Political instability has been an important factor in the lack of economic progress in many African countries. Now that democracy has been strengthened in the continent, there are hopes that economic benefits will follow.
The Christian Science Monitor said in an April 27 article that 43 of the 48 countries in sub-Saharan Africa have held at least one multiparty election during the past decade, compared with 1990, when just three nations were solidly democratic.
Newly re-elected South African President Thabo Mbeki is a champion of “good governance,” noted the article. Mbeki is promoting the New Partnership for African Development, and the African Union, both of which seek to extend good government and democratic practices.

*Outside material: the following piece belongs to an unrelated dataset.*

(* There is an absolute constant $C>0$ such that the following holds. Let $\mathbf T:\{0,1\}^n\to\{0,1\}$ be a size-$s$ stochastic decision tree. For every $\varepsilon\in(0,1/2)$ there is a deterministic decision tree $T^\star_{\mathrm{trunc}}:\{0,1\}^n\to\{0,1\}$ such that (1) $\mathrm{depth}(T^\star_{\mathrm{trunc}})\le C\log(s/\varepsilon)/\varepsilon^2$, and (2) $\Pr_{\mathbf x,\mathbf T}[T^\star_{\mathrm{trunc}}(\mathbf x)\neq\mathbf T(\mathbf x)]\le\mathrm{opt}_{\mathbf T}+3\varepsilon$, where $\mathbf x$ is uniform on $\{0,1\}^n$.
   Context: A stochastic decision tree (DT) $\mathbf{T}$ over $\{0,1\}^n$ is a rooted binary tree whose internal nodes are either deterministic nodes, each labeled by a variable $x_i$ ($i\in[n]$) with one outgoing edge followed when $x_i=0$ and one when $x_i=1$, or stochastic nodes, each with two outgoing edges followed with probabilities $p$ and $1-p$ (for a node-specific $p\in[0,1]$, using fresh independent randomness at each node), and whose leaves are labeled $0$ or $1$. On input $x$, $\mathbf{T}(x)$ is the (random) label of the leaf reached. A deterministic DT is one with no stochastic nodes. The size of a DT is its number of leaves; its depth is the maximum number of internal nodes on a root-to-leaf path. The mean function is $\mu_{\mathbf T}(x)=\Pr[\mathbf T(x)=1]$, $\mathrm{round}(t)=\mathbb 1[t\ge1/2]$, and $\mathrm{opt}_{\mathbf T}=\mathbb E_{\mathbf x}\Pr_{\mathbf T}[\mathbf T(\mathbf x)\ne\mathrm{round}(\mu_{\mathbf T}(\mathbf x))]$ is the Bayes optimal error. *)

theory Defs
  imports "HOL-Probability.Probability"
begin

Mixed bag of economic news
The British proposals come amid varying reports on the economic situation in Africa. In an April 19 press release, the World Bank noted that Africa’s economic growth slowed to 2.4% last year. The World Bank, in its report “Global Development Finance 2004,” put the blame on a climate-related agricultural downturn, and setbacks from armed conflicts. However, the report predicted that economic growth in sub-Saharan Africa will pick up this year, rising to 3.4%, and again in 2005, when it is expected to rise to 4.2%.
The report also observed that Africa’s infrastructure needs are particularly acute. To comply with the Millennium Development Goals, annual economic growth of 7% is needed, and the region will also need $18 billion a year in infrastructure financing.

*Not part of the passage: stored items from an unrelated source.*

lemma dcyc_rec_le_add_block: "dcyc_rec q b m s \<le> dcyc_rec q b (m + b) (Suc s)"
proof (induction m arbitrary: s rule: less_induct)
  case (less m)
  show ?case
  proof (cases "m \<le> s * b")
    case True
    then show ?thesis
      by (auto simp: dcyc_rec_short)
  next
    case False
    have "dcyc_rec q b m s = (\<Sum>k<min q (Suc s). dcyc_rec q b (m - k * b - 1) (s - k))"
      using False by (simp add: dcyc_rec_long)
    also have "\<dots> \<le> (\<Sum>k<min q (Suc s). dcyc_rec q b (m + b - k * b - 1) (Suc s - k))"
    proof (rule sum_mono)
      fix k assume "k \<in> {..<min q (Suc s)}"
      then have "k * b \<le> s * b"
        by simp
      then have "k * b < m"
        using False by linarith
      then have "m + b - k * b - 1 = (m - k * b - 1) + b" and "m - k * b - 1 < m"
        by auto
      moreover have "Suc s - k = Suc (s - k)"
        using \<open>k \<in> _\<close> by auto
      ultimately show "dcyc_rec q b (m - k * b - 1) (s - k) \<le> dcyc_rec q b (m + b - k * b - 1) (Suc s - k)"
        using less.IH[of "m - k * b - 1" "s - k"] by simp
    qed
    also have "\<dots> \<le> (\<Sum>k<min q (Suc (Suc s)). dcyc_rec q b (m + b - k * b - 1) (Suc s - k))"
      by (rule sum_mono2) auto
    also have "\<dots> = dcyc_rec q b (m + b) (Suc s)"
      using False by (simp add: dcyc_rec_long)
    finally show ?thesis .
  qed
qed

lemma dcyc_rec_le_add_blocks: "dcyc_rec q b m s \<le> dcyc_rec q b (m + d * b) (s + d)"
proof (induction d)
  case 0
  then show ?case by simp
next
  case (Suc d)
  then show ?case
    using order_trans[OF Suc.IH dcyc_rec_le_add_block[of q b "m + d * b" "s + d"]]
    by (simp add: ac_simps)
qed

lemma dcyc_rec_antimono_head:
  assumes "t * b < n" and "i \<le> j" and "j \<le> t"
  shows "dcyc_rec q b (n - j * b - 1) (t - j) \<le> dcyc_rec q b (n - i * b - 1) (t - i)"
proof -
  have "i * b \<le> j * b" and "j * b \<le> t * b" and "(j - i) * b = j * b - i * b"
    using assms by (auto simp: diff_mult_distrib)
  then have "n - j * b - 1 + (j - i) * b = n - i * b - 1" and "t - j + (j - i) = t - i"
    using assms by linarith+
  then show ?thesis
    using dcyc_rec_le_add_blocks[of q b "n - j * b - 1" "t - j" "j - i"] by simp
qed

Another World Bank study, “African Development Indicators 2004,” showed that the continental growth figures conceal notable differences between countries. An April 7 press release from the World Bank noted that 13 sub-Saharan countries averaged more than 5% growth for the period 1995-2002, while many others saw their economies contract.
The divergences stand out clearly in the data for gross national income per head. The average income level for 2002 was $307 in the sub-Saharan countries. But levels ranged from under $100 per head in the Democratic Republic of Congo to more than $7,000 in Seychelles. And while maternal mortality was as low as 45 per 100,000 births in Mauritius, it reached 2,300 per 100,000 births in Rwanda.

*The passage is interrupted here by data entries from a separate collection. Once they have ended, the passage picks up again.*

(* Let $D$ be a connected locally finite C-homogeneous digraph and let $x\in VD$. Then neither the subdigraph induced by $N^+(x)$ nor the subdigraph induced by $N^-(x)$ is isomorphic to the directed cycle $C_4$ of length 4.
   Context: A digraph has an irreflexive, antisymmetric edge relation; connectedness and local finiteness refer to the underlying undirected graph. $D$ is C-homogeneous if every isomorphism between finite connected induced subdigraphs extends to an automorphism of $D$. $N^+(x)=\{y: xy\in ED\}$, $N^-(x)=\{y: yx\in ED\}$. *)

theory Defs
  imports Main
begin

definition digraph :: "'a set \<Rightarrow> ('a \<Rightarrow> 'a \<Rightarrow> bool) \<Rightarrow> bool" where
  "digraph V E \<longleftrightarrow> (\<forall>x y. E x y \<longrightarrow> x \<in> V \<and> y \<in> V)
     \<and> (\<forall>x. \<not> E x x) \<and> (\<forall>x y. E x y \<longrightarrow> \<not> E y x)"

definition out_nbhd :: "('a \<Rightarrow> 'a \<Rightarrow> bool) \<Rightarrow> 'a \<Rightarrow> 'a set" where
  "out_nbhd E x = {y. E x y}"

definition in_nbhd :: "('a \<Rightarrow> 'a \<Rightarrow> bool) \<Rightarrow> 'a \<Rightarrow> 'a set" where
  "in_nbhd E x = {y. E y x}"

Overall, the World Bank calculates that fully half of the region’s inhabitants still live in extreme poverty and Africa still houses about three-quarters of the world’s poorest countries.
A positive bit of news was that net aid to Africa rose about 35% in 2002 from a year earlier. “However, on a per-capita basis, it was $27 in 2002, way below the $40 in 1992,” said Alan Harold Gelb, the World Bank’s chief economist for the Africa region. Progress was also reported in education, with enrollments in primary schools reaching 87%, from 80% in 1980. And illiteracy rates dropped from 47% in 1997 to 37% in 2002.
One difficulty African countries face in climbing out of poverty is their heavy dependence on commodity exports. This leads to most countries being “boxed into a commodity trap that condemns them to poverty and indebtedness,” said a study published by the U.N. Conference on Trade and Development (UNCTAD). The Financial Times reported on the study last Feb. 27.
The study observed that only one of the region’s top 20 non-fuel exports — garments — is among the world’s 20 most dynamic products. Of the 14 main non-fuel commodities of interest to Africa, 12 suffer from high price volatility and nine have seen long-run price falls. UNCTAD attributes part of the blame on farm subsidies in rich countries that have led to an oversupply and falling world prices for cotton, groundnuts and sugar.
Resolving Africa’s economic problems will not be easy, and many factors, national and international, are involved. With the fate of over 700 million people in sub-Saharan Africa in the balance, local leaders and the international community face a grave responsibility.